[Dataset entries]
+ + +

(* For all integers $1\le k<N$, $$\alpha\bigl(P^{\mathsf{cc}}_{k,N}\bigr)\;\ge\;\frac{1}{19}\,\alpha\bigl(P^{\mathsf{ucc}}_{k,N}\bigr).$$
   Context: $\Theta_{k,N}$ denotes the set of $k$-tuples $(x_1,\dots,x_k)\in[N]^k$ with pairwise distinct entries. Standard $k$-clique $N$-coloring chain $P^{\mathsf{cc}}_{k,N}$: the Markov chain on $\Theta_{k,N}$ which from state $x=(x_1,\dots,x_k)$ samples $\boldsymbol i\in[k]$ uniformly and then $\boldsymbol\ell$ uniformly from $\{\ell\in[N]:\ell\notin\{x_1,\dots,x_k\}\}\cup\{x_{\boldsymbol i}\}$ (a set of size $N-k+1$), and moves to $x$ with its $\boldsymbol i$-th entry replaced by $\boldsymbol\ell$. Uniform $k$-clique $N$-coloring chain $P^{\mathsf{ucc}}_{k,N}$: for $x\in\Theta_{k,N}$, $i\in[k]$, $\ell\in[N]$, let $x^{i,\ell}$ be $x$ with the $i$-th entry replaced by $\ell$ if $\ell\notin\{x_1,\dots,x_k\}$, and $x$ with the entries in positions $i$ and $j$ swapped if $\ell=x_j$. The chain moves from $x$ to $x^{\boldsymbol i,\boldsymbol\ell}$ with $\boldsymbol i\in[k]$, $\boldsymbol\ell\in[N]$ uniform and independent. Both chains have the uniform stationary distribution on $\Theta_{k,N}$. Log-Sobolev constant: for an ergodic Markov chain with transition matrix $P$ on finite state space $V$ with stationary distribution $\pi$, $\mathcal E_P(g,g)=\frac12\sum_{x,y\in V}(g(x)-g(y))^2\pi(x)P(x,y)$; for $f:V\to\mathbb R_{\ge 0}$, $\mathrm{Ent}_\pi[f]=\sum_{x}\pi(x)f(x)\log\frac{f(x)}{\mathbb E_\pi[f]}$ (natural log); and $\alpha(P)=\inf\{\mathcal E_P(\sqrt f,\sqrt f)/\mathrm{Ent}_\pi[f] : f\ge 0,\ f \text{ non-constant}\}$. *)

theory Defs
  imports Complex_Main
begin

definition dirichlet_form ::
  "'a set \<Rightarrow> ('a \<Rightarrow> real) \<Rightarrow> ('a \<Rightarrow> 'a \<Rightarrow> real) \<Rightarrow> ('a \<Rightarrow> real) \<Rightarrow> real" where
  "dirichlet_form V \<pi> P g =
     (1/2) * (\<Sum>x\<in>V. \<Sum>y\<in>V. (g x - g y)^2 * \<pi> x * P x y)"

definition expect :: "'a set \<Rightarrow> ('a \<Rightarrow> real) \<Rightarrow> ('a \<Rightarrow> real) \<Rightarrow> real" where
  "expect V \<pi> f = (\<Sum>x\<in>V. \<pi> x * f x)"

definition entropy :: "'a set \<Rightarrow> ('a \<Rightarrow> real) \<Rightarrow> ('a \<Rightarrow> real) \<Rightarrow> real" where
  "entropy V \<pi> f =
     (\<Sum>x\<in>V. \<pi> x * (if f x = 0 then 0 else f x * ln (f x / expect V \<pi> f)))"

definition log_sobolev ::
  "'a set \<Rightarrow> ('a \<Rightarrow> real) \<Rightarrow> ('a \<Rightarrow> 'a \<Rightarrow> real) \<Rightarrow> real" where
  "log_sobolev V \<pi> P =
     Inf {dirichlet_form V \<pi> P (\<lambda>x. sqrt (f x)) / entropy V \<pi> f | f.
            (\<forall>x\<in>V. f x \<ge> 0) \<and> (\<exists>x\<in>V. \<exists>y\<in>V. f x \<noteq> f y)}"

definition uniform_dist :: "'a set \<Rightarrow> 'a \<Rightarrow> real" where
  "uniform_dist V x = 1 / real (card V)"

definition Theta :: "nat \<Rightarrow> nat \<Rightarrow> nat list set" where
  "Theta k N = {xs. length xs = k \<and> distinct xs \<and> set xs \<subseteq> {1..N}}"

text \<open>Standard chain: pick i uniform in [k] (index i < k), then l uniform in
  ([N] - {x_1..x_k}) \<union> {x_i} (size N-k+1), replace i-th entry by l.\<close>
definition P_cc :: "nat \<Rightarrow> nat \<Rightarrow> nat list \<Rightarrow> nat list \<Rightarrow> real" where
  "P_cc k N x y =
     (\<Sum>i<k. \<Sum>l\<in>({1..N} - set x) \<union> {x ! i}.
        if x[i := l] = y then 1 / (real k * (real N - real k + 1)) else 0)"

definition ucc_move :: "nat list \<Rightarrow> nat \<Rightarrow> nat \<Rightarrow> nat list" where
  "ucc_move x i l =
     (if l \<notin> set x then x[i := l]
      else (let j = (THE j. j < length x \<and> x ! j = l) in x[i := x ! j, j := x ! i]))"

definition P_ucc :: "nat \<Rightarrow> nat \<Rightarrow> nat list \<Rightarrow> nat list \<Rightarrow> real" where
  "P_ucc k N x y =
     (\<Sum>i<k. \<Sum>l\<in>{1..N}. if ucc_move x i l = y then 1 / (real k * real N) else 0)"

end

theory Submission
  imports Defs
begin

text \<open>Under the uniform distribution both Dirichlet forms are built from two energies of g:
  the recolor energy S (change one entry to a color not in use) and the swap energy W
  (exchange two entries).  Up to the common factor 1/(2|Theta|k), the standard chain has
  Dirichlet form S/(N-k+1) and the uniform one (S+W)/N.  A swap of entries i and j is
  simulated by three recolorings through a free color l,
  x \<rightarrow> x[i:=l] \<rightarrow> x[i:=l, j:=x_i] \<rightarrow> swap x i j;
  averaging over the N-k free colors, and noting that each recoloring is used k times,
  gives (N-k) W \<le> 9 k S, whence the uniform Dirichlet form is at most 19 times the
  standard one.  Both chains have the same entropy functional, so the log-Sobolev
  constants compare with the same factor.\<close>

lemma entropy_nonneg:
  assumes "finite V" "\<forall>x\<in>V. \<pi> x \<ge> 0" "sum \<pi> V = 1" "\<forall>x\<in>V. f x \<ge> 0"
  shows "entropy V \<pi> f \<ge> 0"
proof -
  define E where "E = expect V \<pi> f"
  have E_nonneg: "E \<ge> 0"
    unfolding E_def expect_def using assms by (intro sum_nonneg) auto
  show ?thesis
  proof (cases "E = 0")
    case True
    then have "\<forall>x\<in>V. \<pi> x * f x = 0"
      using assms unfolding E_def expect_def by (subst sum_nonneg_eq_0_iff[symmetric]) auto
    then show ?thesis
      unfolding entropy_def by (intro sum_nonneg) auto
  next
    case False
    have pointwise: "\<pi> x * (f x - E) \<le> \<pi> x * (if f x = 0 then 0 else f x * ln (f x / E))"
      if "x \<in> V" for x
    proof -
      have "f x - E \<le> f x * ln (f x / E)" if "f x > 0"
      proof -
        have "ln (E / f x) \<le> E / f x - 1"
          using \<open>f x > 0\<close> E_nonneg False by (intro ln_le_minus_one) auto
        moreover have "ln (f x / E) = - ln (E / f x)"
          using \<open>f x > 0\<close> E_nonneg False by (simp add: ln_div)
        ultimately have "f x * (1 - E / f x) \<le> f x * ln (f x / E)"
          using \<open>f x > 0\<close> by (intro mult_left_mono) auto
        then show ?thesis
          using \<open>f x > 0\<close> by (simp add: algebra_simps)
      qed
      then show ?thesis
        using assms \<open>x \<in> V\<close> E_nonneg by (intro mult_left_mono) (auto simp: less_eq_real_def)
    qed
    have "0 = E - sum \<pi> V * E"
      using assms by simp
    also have "\<dots> = (\<Sum>x\<in>V. \<pi> x * (f x - E))"
      unfolding E_def expect_def by (simp add: right_diff_distrib sum_subtractf sum_distrib_right)
    also have "\<dots> \<le> (\<Sum>x\<in>V. \<pi> x * (if f x = 0 then 0 else f x * ln (f x / E)))"
      by (rule sum_mono) (rule pointwise)
    finally show ?thesis
      unfolding entropy_def E_def[symmetric] .
  qed
qed

lemma dirichlet_form_nonneg:
  assumes "\<forall>x\<in>V. \<pi> x \<ge> 0" "\<forall>x\<in>V. \<forall>y\<in>V. P x y \<ge> 0"
  shows "dirichlet_form V \<pi> P g \<ge> 0"
  unfolding dirichlet_form_def using assms by (intro mult_nonneg_nonneg sum_nonneg) auto

lemma log_sobolev_comparison:
  assumes "finite V" "\<forall>x\<in>V. \<pi> x \<ge> 0" "sum \<pi> V = 1"
    and "\<exists>x\<in>V. \<exists>y\<in>V. x \<noteq> y"
    and "\<forall>x\<in>V. \<forall>y\<in>V. Q x y \<ge> 0"
    and "c > 0"
    and comparison: "\<And>g. dirichlet_form V \<pi> Q g \<le> c * dirichlet_form V \<pi> P g"
  shows "(1/c) * log_sobolev V \<pi> Q \<le> log_sobolev V \<pi> P"
proof -
  define ratios where "ratios R = {dirichlet_form V \<pi> R (\<lambda>x. sqrt (f x)) / entropy V \<pi> f | f.
    (\<forall>x\<in>V. f x \<ge> 0) \<and> (\<exists>x\<in>V. \<exists>y\<in>V. f x \<noteq> f y)}" for R
  obtain x0 y0 where "x0 \<in> V" "y0 \<in> V" "x0 \<noteq> y0"
    using assms(4) by blast
  define f0 :: "'a \<Rightarrow> real" where "f0 x = (if x = x0 then 1 else 0)" for x
  have "(\<forall>x\<in>V. f0 x \<ge> 0) \<and> (\<exists>x\<in>V. \<exists>y\<in>V. f0 x \<noteq> f0 y)"
    using \<open>x0 \<in> V\<close> \<open>y0 \<in> V\<close> \<open>x0 \<noteq> y0\<close> unfolding f0_def by auto
  then have nonempty: "ratios P \<noteq> {}"
    unfolding ratios_def by blast
  have bdd: "bdd_below (ratios Q)"
    unfolding ratios_def
    using dirichlet_form_nonneg[OF assms(2,5)] entropy_nonneg[OF assms(1-3)]
    by (intro bdd_belowI[of _ 0]) (auto intro: divide_nonneg_nonneg)
  have "(1/c) * Inf (ratios Q) \<le> r" if "r \<in> ratios P" for r
  proof -
    obtain f where r: "r = dirichlet_form V \<pi> P (\<lambda>x. sqrt (f x)) / entropy V \<pi> f"
      and f: "\<forall>x\<in>V. f x \<ge> 0" "\<exists>x\<in>V. \<exists>y\<in>V. f x \<noteq> f y"
      using \<open>r \<in> ratios P\<close> unfolding ratios_def by blast
    have "Inf (ratios Q) \<le> dirichlet_form V \<pi> Q (\<lambda>x. sqrt (f x)) / entropy V \<pi> f"
      using f by (intro cInf_lower[OF _ bdd]) (auto simp: ratios_def)
    also have "\<dots> \<le> c * r"
      unfolding r times_divide_eq_right
      using comparison entropy_nonneg[OF assms(1-3) f(1)] by (rule divide_right_mono)
    finally show ?thesis
      using \<open>c > 0\<close> by (simp add: field_simps)
  qed
  then show ?thesis
    unfolding log_sobolev_def ratios_def[symmetric] by (intro cInf_greatest[OF nonempty])
qed

lemma sum_uniform_dist: "finite V \<Longrightarrow> V \<noteq> {} \<Longrightarrow> sum (uniform_dist V) V = 1"
  by (simp add: uniform_dist_def)

lemma sum_move_kernel:
  fixes h :: "'a \<Rightarrow> real"
  assumes "finite V" "\<And>i l. i \<in> I \<Longrightarrow> l \<in> L i \<Longrightarrow> m i l \<in> V"
  shows "(\<Sum>y\<in>V. h y * (\<Sum>i\<in>I. \<Sum>l\<in>L i. if m i l = y then c else 0)) =
    c * (\<Sum>i\<in>I. \<Sum>l\<in>L i. h (m i l))"
proof -
  have "h y * (if m i l = y then c else 0) = (if m i l = y then c * h y else 0)" for y i l
    by simp
  then have "(\<Sum>y\<in>V. h y * (\<Sum>i\<in>I. \<Sum>l\<in>L i. if m i l = y then c else 0)) =
      (\<Sum>y\<in>V. \<Sum>i\<in>I. \<Sum>l\<in>L i. if m i l = y then c * h y else 0)"
    by (simp add: sum_distrib_left)
  also have "\<dots> = (\<Sum>i\<in>I. \<Sum>l\<in>L i. \<Sum>y\<in>V. if m i l = y then c * h y else 0)"
    by (subst sum.swap, rule sum.cong[OF refl], rule sum.swap)
  also have "\<dots> = (\<Sum>i\<in>I. \<Sum>l\<in>L i. c * h (m i l))"
    using assms by (intro sum.cong refl) (simp add: sum.delta')
  finally show ?thesis
    by (simp add: sum_distrib_left)
qed

lemma dirichlet_form_uniform_move_kernel:
  assumes "finite V"
    and kernel: "\<And>x y. x \<in> V \<Longrightarrow> P x y = (\<Sum>i\<in>I. \<Sum>l\<in>L x i. if m x i l = y then c else 0)"
    and moves: "\<And>x i l. x \<in> V \<Longrightarrow> i \<in> I \<Longrightarrow> l \<in> L x i \<Longrightarrow> m x i l \<in> V"
  shows "dirichlet_form V (uniform_dist V) P g =
    c / (2 * real (card V)) * (\<Sum>x\<in>V. \<Sum>i\<in>I. \<Sum>l\<in>L x i. (g x - g (m x i l))^2)"
proof -
  have "(\<Sum>y\<in>V. (g x - g y)^2 * P x y) = c * (\<Sum>i\<in>I. \<Sum>l\<in>L x i. (g x - g (m x i l))^2)"
    if "x \<in> V" for x
    using sum_move_kernel[OF \<open>finite V\<close> moves[OF that]] kernel[OF that] by simp
  then have "(\<Sum>x\<in>V. \<Sum>y\<in>V. (g x - g y)^2 * P x y) =
      c * (\<Sum>x\<in>V. \<Sum>i\<in>I. \<Sum>l\<in>L x i. (g x - g (m x i l))^2)"
    by (simp add: sum_distrib_left)
  moreover have "dirichlet_form V (uniform_dist V) P g =
      (\<Sum>x\<in>V. \<Sum>y\<in>V. (g x - g y)^2 * P x y) / (2 * real (card V))"
    unfolding dirichlet_form_def uniform_dist_def by (simp add: sum_divide_distrib ac_simps)
  ultimately show ?thesis
    by simp
qed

+ + +

■ **Work task**
Starting at the line that contains "unfolding dirichlet_form_def uniform_dist_def", reproduce each line through the end of the records exactly, both ends included.

■ **Output for this exercise**
    unfolding dirichlet_form_def uniform_dist_def by (simp add: sum_divide_distrib ac_simps)
  ultimately show ?thesis
    by simp
qed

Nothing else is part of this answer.